Exercise brief: Give again the lines of the data from its first line through the line with "unfolding f_max_def". Change nothing.

Input data:
lemma finite_lines_containing: "finite (lines_containing w G d)"
proof (rule finite_subset)
  show "lines_containing w G d \<subseteq> Pow (cube (length w) d)"
    by (force simp: lines_containing_def valid_line_def mem_line_set_iff)
qed (simp add: finite_cube)

lemma f_max_eqI:
  assumes "\<And>G. f_grid w G d \<le> m" and "f_grid w G\<^sub>0 d = m"
  shows "f_max w d = m"
  unfolding f_max_def
proof (rule Max_eqI)
  have "{f_grid w G d |G. True} \<subseteq> {..m}"
    using assms(1) by auto
  then show "finite {f_grid w G d |G. True}"
    by (rule finite_subset) simp
  show "m \<in> {f_grid w G d |G. True}"
    using assms(2) by blast
qed (use assms(1) in blast)

section \<open>Lines with an odd number of moving coordinates\<close>

definition num_moving :: "int list \<Rightarrow> nat" where
  "num_moving v = length (filter (\<lambda>x. x \<noteq> 0) v)"

(* Enumerations, by the first coordinate, of the pairs (p, v) satisfying line_coord coordinatewise
   with odd (num_moving v) = b, and of those with v canonical and an odd number of moving
   coordinates; a canonical v has its first moving coordinate +1, starting at 1. *)

fun line_pairs :: "nat \<Rightarrow> nat \<Rightarrow> bool \<Rightarrow> (int list \<times> int list) set" where
  "line_pairs n 0 b = (if b then {} else {([], [])})"
| "line_pairs n (Suc d) b =
     (\<lambda>(c, p, v). (c # p, 0 # v)) ` ({1..int n} \<times> line_pairs n d b)
     \<union> (\<lambda>(p, v). (1 # p, 1 # v)) ` line_pairs n d (\<not> b)
     \<union> (\<lambda>(p, v). (int n # p, -1 # v)) ` line_pairs n d (\<not> b)"

fun odd_canon_pairs :: "nat \<Rightarrow> nat \<Rightarrow> (int list \<times> int list) set" where
  "odd_canon_pairs n 0 = {}"
| "odd_canon_pairs n (Suc d) =
     (\<lambda>(c, p, v). (c # p, 0 # v)) ` ({1..int n} \<times> odd_canon_pairs n d)
     \<union> (\<lambda>(p, v). (1 # p, 1 # v)) ` line_pairs n d False"

lemma finite_line_pairs: "finite (line_pairs n d b)"
  by (induct d arbitrary: b) auto

lemma finite_odd_canon_pairs: "finite (odd_canon_pairs n d)"
  by (induct d) (auto simp: finite_line_pairs)

lemma line_coord_simps [simp]:
  "line_coord n c 0 \<longleftrightarrow> 1 \<le> c \<and> c \<le> int n" "line_coord n 1 1" "line_coord n (int n) (-1)"
  by (auto simp: line_coord_def)

lemma mem_line_pairsD:
  "(p, v) \<in> line_pairs n d b \<Longrightarrow>
    length p = d \<and> list_all2 (line_coord n) p v \<and> odd (num_moving v) = b"
proof (induct d arbitrary: b p v)
  case (Suc d)
  from Suc.prems show ?case
    by (auto simp: num_moving_def dest!: Suc.hyps)
qed (simp add: num_moving_def split: if_splits)

lemma canon_Cons_0: "canon (0 # v) \<longleftrightarrow> canon v"
proof
  assume "canon (0 # v)"
  then obtain i where i: "i < Suc (length v)" "(0 # v) ! i = 1" "\<forall>j<i. (0 # v) ! j = 0"
    by (auto simp: canon_def)
  then obtain k where "i = Suc k" by (cases i) auto
  with i show "canon v"
    unfolding canon_def by (intro exI[of _ k]) (auto dest: spec[of _ "Suc _"])
next
  assume "canon v"
  then obtain i where "i < length v" "v ! i = 1" "\<forall>j<i. v ! j = 0" by (auto simp: canon_def)
  then show "canon (0 # v)"
    unfolding canon_def by (intro exI[of _ "Suc i"]) (auto simp: less_Suc_eq_0_disj)
qed

lemma canon_Cons_1: "canon (1 # v)"
  by (auto simp: canon_def)

lemma mem_odd_canon_pairsD:
  "(p, v) \<in> odd_canon_pairs n d \<Longrightarrow>
    length p = d \<and> list_all2 (line_coord n) p v \<and> odd (num_moving v) \<and> canon v"
proof (induct d arbitrary: p v)
  case (Suc d)
  from Suc.prems show ?case
    by (auto simp: num_moving_def canon_Cons_0 canon_Cons_1 dest!: Suc.hyps mem_line_pairsD)
qed simp

lemma odd_canon_pairs_valid_line:
  assumes "n \<ge> 2" and "(p, v) \<in> odd_canon_pairs n d"
  shows "valid_line n d p v \<and> canon v"
proof -
  have M: "length p = d" "list_all2 (line_coord n) p v" "odd (num_moving v)" "canon v"
    using mem_odd_canon_pairsD[OF assms(2)] by auto
  then have "length v = d"
    by (simp add: list_all2_lengthD)
  moreover have "filter (\<lambda>x. x \<noteq> 0) v \<noteq> []"
    using M(3) by (auto simp: num_moving_def)
  then have "\<exists>i<d. v ! i \<noteq> 0"
    using \<open>length v = d\<close> by (auto simp: filter_empty_conv in_set_conv_nth)
  ultimately show ?thesis
    using M assms(1) by (auto simp: valid_line_iff list_all2_conv_all_nth)
qed

lemma card_image_Cons_pair: "card ((\<lambda>(p, v). (c # p, e # v)) ` A) = card A"
  by (rule card_image) (auto simp: inj_on_def)

lemma card_image_Cons_prod: "card ((\<lambda>(c, p, v). (c # p, e # v)) ` (C \<times> A)) = card C * card A"
  by (subst card_image) (auto simp: inj_on_def card_cartesian_product)

lemma card_line_pairs_Suc:
  "card (line_pairs n (Suc d) b) = n * card (line_pairs n d b) + 2 * card (line_pairs n d (\<not> b))"
  by (subst line_pairs.simps, subst card_Un_disjoint, (auto simp: finite_line_pairs)[3],
      subst card_Un_disjoint, (auto simp: finite_line_pairs)[3])
    (simp add: card_image_Cons_pair card_image_Cons_prod)

lemma card_odd_canon_pairs_Suc:
  "card (odd_canon_pairs n (Suc d)) = n * card (odd_canon_pairs n d) + card (line_pairs n d False)"
  by (subst odd_canon_pairs.simps, subst card_Un_disjoint,
      (auto simp: finite_line_pairs finite_odd_canon_pairs)[3])
    (simp add: card_image_Cons_pair card_image_Cons_prod)

lemma two_card_line_pairs:
  "2 * int (card (line_pairs n d b)) = (int n + 2) ^ d + (if b then -1 else 1) * (int n - 2) ^ d"
proof (induct d arbitrary: b)
  case (Suc d)
  have "2 * int (card (line_pairs n (Suc d) b)) =
      int n * (2 * int (card (line_pairs n d b))) + 2 * (2 * int (card (line_pairs n d (\<not> b))))"
    unfolding card_line_pairs_Suc by simp
  also have "\<dots> = (int n + 2) ^ Suc d + (if b then -1 else 1) * (int n - 2) ^ Suc d"
    unfolding Suc by (cases b) (simp_all add: algebra_simps)
  finally show ?case .
qed simp

lemma four_card_odd_canon_pairs:
  "4 * int (card (odd_canon_pairs n d)) = (int n + 2) ^ d - (int n - 2) ^ d"
proof (induct d)
  case (Suc d)
  have "4 * int (card (odd_canon_pairs n (Suc d))) =
      int n * (4 * int (card (odd_canon_pairs n d))) + 2 * (2 * int (card (line_pairs n d False)))"
    unfolding card_odd_canon_pairs_Suc by simp
  also have "\<dots> = (int n + 2) ^ Suc d - (int n - 2) ^ Suc d"
    unfolding Suc two_card_line_pairs by (simp add: algebra_simps)
  finally show ?case .
qed simp

section \<open>Pairs of aligned points\<close>

lemma cube_0 [simp]: "cube n 0 = {[]}"
  by (auto simp: cube_def)

lemma cube_Suc: "cube n (Suc d) = (\<lambda>(c, x). c # x) ` ({1..int n} \<times> cube n d)"
proof (intro set_eqI iffI)
  fix p assume "p \<in> cube n (Suc d)"
  then show "p \<in> (\<lambda>(c, x). c # x) ` ({1..int n} \<times> cube n d)"
    by (cases p) (auto simp: cube_def)
qed (auto simp: cube_def)

lemma sum_cube_Suc: "(\<Sum>x\<in>cube n (Suc d). f x) = (\<Sum>c\<in>{1..int n}. \<Sum>x\<in>cube n d. f (c # x))"
  by (simp add: cube_Suc sum.reindex inj_on_def sum.cartesian_product split_def)

(* The two endpoints of a line agree in every coordinate in which they are not both extreme. *)

definition aligned_coord :: "int \<Rightarrow> int \<Rightarrow> int \<Rightarrow> bool" where
  "aligned_coord N c c' \<longleftrightarrow> c = c' \<or> (c \<in> {1, N} \<and> c' \<in> {1, N})"

abbreviation aligned :: "int \<Rightarrow> int list \<Rightarrow> int list \<Rightarrow> bool" where
  "aligned N \<equiv> list_all2 (aligned_coord N)"

definition aligned_form :: "nat \<Rightarrow> nat \<Rightarrow> (int list \<Rightarrow> int) \<Rightarrow> (int list \<Rightarrow> int) \<Rightarrow> int" where
  "aligned_form n d \<alpha> \<beta> =
    (\<Sum>x\<in>cube n d. \<Sum>y\<in>cube n d. if aligned (int n) x y then \<alpha> x * \<beta> y else 0)"

lemma aligned_endpoints:
  assumes "n \<ge> 2" and "valid_line n d p v"
  shows "aligned (int n) p (lpt p v (n - 1)) \<and> aligned (int n) (lpt p v (n - 1)) p"
proof -
  have len: "length p = d" "length v = d" and coord: "\<forall>i<d. line_coord n (p ! i) (v ! i)"
    using assms by (auto simp: valid_line_iff)
  have "aligned_coord (int n) (p ! i) (p ! i + int (n - 1) * v ! i)
      \<and> aligned_coord (int n) (p ! i + int (n - 1) * v ! i) (p ! i)" if "i < d" for i
    using coord that assms(1) by (auto simp: line_coord_def aligned_coord_def of_nat_diff)
  then show ?thesis
    using len by (auto simp: list_all2_conv_all_nth nth_lpt)
qed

Result:
lemma finite_lines_containing: "finite (lines_containing w G d)"
proof (rule finite_subset)
  show "lines_containing w G d \<subseteq> Pow (cube (length w) d)"
    by (force simp: lines_containing_def valid_line_def mem_line_set_iff)
qed (simp add: finite_cube)

lemma f_max_eqI:
  assumes "\<And>G. f_grid w G d \<le> m" and "f_grid w G\<^sub>0 d = m"
  shows "f_max w d = m"
  unfolding f_max_def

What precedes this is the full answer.